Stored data
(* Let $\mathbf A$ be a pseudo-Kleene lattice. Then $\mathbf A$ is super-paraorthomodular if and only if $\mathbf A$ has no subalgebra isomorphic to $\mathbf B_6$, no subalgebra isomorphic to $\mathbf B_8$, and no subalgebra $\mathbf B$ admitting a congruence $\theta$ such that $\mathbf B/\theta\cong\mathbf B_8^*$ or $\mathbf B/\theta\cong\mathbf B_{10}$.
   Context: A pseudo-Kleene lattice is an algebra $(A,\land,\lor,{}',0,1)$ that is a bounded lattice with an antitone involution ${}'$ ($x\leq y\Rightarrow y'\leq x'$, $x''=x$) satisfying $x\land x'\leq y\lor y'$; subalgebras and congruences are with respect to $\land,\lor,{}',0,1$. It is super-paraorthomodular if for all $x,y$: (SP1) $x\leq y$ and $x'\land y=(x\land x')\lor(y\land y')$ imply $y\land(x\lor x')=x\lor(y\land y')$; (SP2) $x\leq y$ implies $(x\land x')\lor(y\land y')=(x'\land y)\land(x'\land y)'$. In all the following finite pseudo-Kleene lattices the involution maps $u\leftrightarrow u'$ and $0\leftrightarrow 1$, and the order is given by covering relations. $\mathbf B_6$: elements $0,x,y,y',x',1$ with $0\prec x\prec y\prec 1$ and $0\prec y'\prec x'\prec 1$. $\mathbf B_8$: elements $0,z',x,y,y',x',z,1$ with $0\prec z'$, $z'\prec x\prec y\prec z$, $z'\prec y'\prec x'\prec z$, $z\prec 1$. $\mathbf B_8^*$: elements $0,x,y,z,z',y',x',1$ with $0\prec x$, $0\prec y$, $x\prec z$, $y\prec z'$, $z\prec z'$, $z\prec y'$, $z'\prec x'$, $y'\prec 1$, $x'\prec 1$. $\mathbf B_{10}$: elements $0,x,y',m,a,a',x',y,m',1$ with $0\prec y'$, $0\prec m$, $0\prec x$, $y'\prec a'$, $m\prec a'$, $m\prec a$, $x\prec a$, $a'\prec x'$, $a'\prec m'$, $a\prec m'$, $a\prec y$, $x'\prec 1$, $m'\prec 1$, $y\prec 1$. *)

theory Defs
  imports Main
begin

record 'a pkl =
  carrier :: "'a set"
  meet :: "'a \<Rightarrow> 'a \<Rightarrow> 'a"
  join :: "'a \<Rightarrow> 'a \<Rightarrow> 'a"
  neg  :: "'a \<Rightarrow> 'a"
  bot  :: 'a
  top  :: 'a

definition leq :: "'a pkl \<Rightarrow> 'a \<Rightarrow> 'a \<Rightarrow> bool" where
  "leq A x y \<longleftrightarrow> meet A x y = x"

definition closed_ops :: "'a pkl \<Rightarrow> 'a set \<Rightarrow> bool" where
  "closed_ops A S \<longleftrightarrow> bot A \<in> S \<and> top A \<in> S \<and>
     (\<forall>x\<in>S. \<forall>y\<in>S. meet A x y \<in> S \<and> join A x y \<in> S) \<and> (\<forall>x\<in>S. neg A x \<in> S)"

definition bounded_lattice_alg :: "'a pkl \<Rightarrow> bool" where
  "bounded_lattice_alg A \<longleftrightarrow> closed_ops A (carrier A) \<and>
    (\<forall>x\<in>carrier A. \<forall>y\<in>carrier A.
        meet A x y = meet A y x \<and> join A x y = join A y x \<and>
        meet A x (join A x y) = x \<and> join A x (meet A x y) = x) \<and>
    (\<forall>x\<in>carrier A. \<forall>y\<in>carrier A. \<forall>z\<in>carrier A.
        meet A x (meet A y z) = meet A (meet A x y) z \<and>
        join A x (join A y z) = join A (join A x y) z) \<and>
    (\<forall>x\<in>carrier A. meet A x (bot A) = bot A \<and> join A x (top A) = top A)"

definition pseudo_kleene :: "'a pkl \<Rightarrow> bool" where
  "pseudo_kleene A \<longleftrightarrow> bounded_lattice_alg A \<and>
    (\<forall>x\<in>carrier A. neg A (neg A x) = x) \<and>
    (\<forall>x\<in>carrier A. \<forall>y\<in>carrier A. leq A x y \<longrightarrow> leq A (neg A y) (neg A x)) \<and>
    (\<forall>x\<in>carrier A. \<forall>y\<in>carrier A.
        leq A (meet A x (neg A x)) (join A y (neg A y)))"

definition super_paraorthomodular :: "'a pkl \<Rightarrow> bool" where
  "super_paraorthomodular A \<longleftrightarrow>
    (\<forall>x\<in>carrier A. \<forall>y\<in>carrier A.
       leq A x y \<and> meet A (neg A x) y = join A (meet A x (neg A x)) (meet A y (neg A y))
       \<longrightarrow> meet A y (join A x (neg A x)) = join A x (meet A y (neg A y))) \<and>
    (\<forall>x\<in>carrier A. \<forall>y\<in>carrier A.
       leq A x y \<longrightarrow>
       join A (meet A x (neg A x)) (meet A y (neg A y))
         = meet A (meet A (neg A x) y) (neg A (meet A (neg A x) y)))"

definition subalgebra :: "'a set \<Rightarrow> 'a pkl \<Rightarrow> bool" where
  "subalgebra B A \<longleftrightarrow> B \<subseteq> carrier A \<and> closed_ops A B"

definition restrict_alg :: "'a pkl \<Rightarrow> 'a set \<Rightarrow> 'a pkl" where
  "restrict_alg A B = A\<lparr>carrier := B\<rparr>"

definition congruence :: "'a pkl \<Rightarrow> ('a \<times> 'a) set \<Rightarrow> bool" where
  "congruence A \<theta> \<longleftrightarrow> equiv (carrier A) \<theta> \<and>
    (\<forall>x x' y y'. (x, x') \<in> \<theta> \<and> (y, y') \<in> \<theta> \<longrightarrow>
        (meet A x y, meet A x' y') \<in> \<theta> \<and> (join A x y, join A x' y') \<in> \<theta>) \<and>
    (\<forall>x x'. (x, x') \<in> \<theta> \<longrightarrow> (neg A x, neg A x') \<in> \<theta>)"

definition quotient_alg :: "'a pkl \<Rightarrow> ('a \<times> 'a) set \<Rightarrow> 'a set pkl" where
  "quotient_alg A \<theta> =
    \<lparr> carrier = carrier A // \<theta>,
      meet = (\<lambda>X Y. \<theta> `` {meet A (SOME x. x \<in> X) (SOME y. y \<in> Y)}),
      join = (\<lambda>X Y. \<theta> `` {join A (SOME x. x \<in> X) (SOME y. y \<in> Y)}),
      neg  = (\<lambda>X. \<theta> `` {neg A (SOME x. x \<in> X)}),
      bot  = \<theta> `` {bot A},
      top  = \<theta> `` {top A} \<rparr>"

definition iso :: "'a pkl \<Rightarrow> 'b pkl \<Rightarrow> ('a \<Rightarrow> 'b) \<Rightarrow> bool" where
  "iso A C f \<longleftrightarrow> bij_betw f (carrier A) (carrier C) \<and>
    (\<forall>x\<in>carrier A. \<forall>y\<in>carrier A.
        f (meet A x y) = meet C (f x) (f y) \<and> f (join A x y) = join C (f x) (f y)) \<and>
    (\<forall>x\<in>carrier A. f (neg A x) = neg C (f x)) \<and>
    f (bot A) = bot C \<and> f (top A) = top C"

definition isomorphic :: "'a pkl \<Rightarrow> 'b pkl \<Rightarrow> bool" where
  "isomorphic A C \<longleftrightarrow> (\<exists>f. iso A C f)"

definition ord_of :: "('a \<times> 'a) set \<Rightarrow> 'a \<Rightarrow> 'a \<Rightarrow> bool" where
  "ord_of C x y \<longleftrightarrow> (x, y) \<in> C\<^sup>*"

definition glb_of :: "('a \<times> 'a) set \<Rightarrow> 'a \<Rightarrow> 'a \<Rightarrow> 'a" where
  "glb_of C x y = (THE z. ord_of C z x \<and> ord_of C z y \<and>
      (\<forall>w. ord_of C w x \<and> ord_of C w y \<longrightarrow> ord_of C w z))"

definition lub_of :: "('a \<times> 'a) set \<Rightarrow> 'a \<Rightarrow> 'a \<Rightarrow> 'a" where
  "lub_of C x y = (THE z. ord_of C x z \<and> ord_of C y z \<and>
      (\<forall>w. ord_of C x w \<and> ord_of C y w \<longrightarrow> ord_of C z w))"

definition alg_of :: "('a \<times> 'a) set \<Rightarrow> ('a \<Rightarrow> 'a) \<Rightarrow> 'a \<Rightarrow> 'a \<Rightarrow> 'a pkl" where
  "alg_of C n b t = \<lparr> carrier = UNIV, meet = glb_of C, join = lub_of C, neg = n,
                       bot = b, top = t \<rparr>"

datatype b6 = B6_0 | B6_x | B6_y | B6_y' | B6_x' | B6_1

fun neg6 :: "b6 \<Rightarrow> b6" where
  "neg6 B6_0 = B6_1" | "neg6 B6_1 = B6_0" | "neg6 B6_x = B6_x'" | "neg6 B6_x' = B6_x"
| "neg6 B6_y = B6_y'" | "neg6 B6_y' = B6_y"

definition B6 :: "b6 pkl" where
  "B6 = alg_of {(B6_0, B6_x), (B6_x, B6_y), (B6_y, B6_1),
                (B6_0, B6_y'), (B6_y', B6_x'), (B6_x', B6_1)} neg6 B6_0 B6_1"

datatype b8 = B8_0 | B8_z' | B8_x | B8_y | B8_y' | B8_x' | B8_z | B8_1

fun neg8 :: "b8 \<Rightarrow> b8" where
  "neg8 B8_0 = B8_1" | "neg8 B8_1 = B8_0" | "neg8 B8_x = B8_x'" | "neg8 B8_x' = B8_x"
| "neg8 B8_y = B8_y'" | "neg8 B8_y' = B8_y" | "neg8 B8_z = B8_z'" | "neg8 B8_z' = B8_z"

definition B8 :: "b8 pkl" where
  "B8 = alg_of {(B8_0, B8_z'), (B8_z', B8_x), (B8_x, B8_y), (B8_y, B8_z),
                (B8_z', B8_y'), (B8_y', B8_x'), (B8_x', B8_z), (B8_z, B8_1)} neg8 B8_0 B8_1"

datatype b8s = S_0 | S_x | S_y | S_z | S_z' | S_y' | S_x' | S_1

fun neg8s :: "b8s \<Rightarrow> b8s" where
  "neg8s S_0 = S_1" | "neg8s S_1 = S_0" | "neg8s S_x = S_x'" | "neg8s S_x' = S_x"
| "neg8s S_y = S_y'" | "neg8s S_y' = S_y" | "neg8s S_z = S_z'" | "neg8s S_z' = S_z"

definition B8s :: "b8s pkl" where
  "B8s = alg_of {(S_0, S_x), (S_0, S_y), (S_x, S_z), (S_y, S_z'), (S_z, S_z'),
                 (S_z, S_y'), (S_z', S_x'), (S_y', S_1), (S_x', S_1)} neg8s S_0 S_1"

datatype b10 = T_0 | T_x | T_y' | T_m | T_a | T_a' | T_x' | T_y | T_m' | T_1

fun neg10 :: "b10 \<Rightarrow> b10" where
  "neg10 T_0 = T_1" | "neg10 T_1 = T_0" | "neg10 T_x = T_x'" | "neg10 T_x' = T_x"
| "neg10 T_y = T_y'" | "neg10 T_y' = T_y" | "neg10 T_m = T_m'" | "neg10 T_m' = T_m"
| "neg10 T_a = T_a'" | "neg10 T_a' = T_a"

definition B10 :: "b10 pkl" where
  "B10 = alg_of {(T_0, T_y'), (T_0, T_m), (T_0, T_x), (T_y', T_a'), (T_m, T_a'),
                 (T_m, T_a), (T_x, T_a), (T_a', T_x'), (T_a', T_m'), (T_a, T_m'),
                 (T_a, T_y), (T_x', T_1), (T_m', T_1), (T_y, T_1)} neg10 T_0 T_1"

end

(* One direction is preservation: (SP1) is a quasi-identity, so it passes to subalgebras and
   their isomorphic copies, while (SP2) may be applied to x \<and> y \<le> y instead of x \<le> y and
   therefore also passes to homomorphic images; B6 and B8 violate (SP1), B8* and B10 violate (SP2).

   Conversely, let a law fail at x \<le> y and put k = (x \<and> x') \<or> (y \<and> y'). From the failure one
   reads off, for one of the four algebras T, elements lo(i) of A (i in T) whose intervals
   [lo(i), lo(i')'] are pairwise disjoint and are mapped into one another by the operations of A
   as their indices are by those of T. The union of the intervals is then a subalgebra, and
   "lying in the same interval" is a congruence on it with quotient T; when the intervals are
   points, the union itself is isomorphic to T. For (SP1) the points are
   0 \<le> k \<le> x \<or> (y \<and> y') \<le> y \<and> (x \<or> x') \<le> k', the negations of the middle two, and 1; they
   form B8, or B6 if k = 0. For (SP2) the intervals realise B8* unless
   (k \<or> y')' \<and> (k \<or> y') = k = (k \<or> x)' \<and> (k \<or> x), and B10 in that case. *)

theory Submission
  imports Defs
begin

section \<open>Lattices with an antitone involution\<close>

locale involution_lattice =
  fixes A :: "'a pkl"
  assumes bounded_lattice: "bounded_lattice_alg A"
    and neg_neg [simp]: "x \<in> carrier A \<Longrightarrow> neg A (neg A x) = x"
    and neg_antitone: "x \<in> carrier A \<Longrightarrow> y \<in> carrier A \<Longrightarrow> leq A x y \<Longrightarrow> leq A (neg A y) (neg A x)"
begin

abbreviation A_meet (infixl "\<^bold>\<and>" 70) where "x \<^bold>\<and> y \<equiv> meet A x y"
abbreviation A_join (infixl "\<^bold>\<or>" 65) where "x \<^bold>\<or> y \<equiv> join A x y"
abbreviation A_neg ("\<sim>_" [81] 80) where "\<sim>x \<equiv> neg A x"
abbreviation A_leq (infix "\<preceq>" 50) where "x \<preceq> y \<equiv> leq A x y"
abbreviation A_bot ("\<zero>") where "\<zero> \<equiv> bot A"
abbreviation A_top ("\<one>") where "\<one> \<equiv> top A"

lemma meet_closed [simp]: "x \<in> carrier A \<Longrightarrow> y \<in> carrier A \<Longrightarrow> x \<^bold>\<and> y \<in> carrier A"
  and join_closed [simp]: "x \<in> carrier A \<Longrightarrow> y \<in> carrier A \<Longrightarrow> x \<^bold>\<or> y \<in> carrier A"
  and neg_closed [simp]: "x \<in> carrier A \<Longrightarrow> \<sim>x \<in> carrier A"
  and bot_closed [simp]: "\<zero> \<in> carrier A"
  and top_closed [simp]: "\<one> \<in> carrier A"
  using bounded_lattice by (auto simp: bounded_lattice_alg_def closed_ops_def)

▶ **WHAT YOU SHOULD DO**: Across these entries, count each line where the string "datatype" shows up. Give only the count.

▶ **RESPONSE AREA**: 4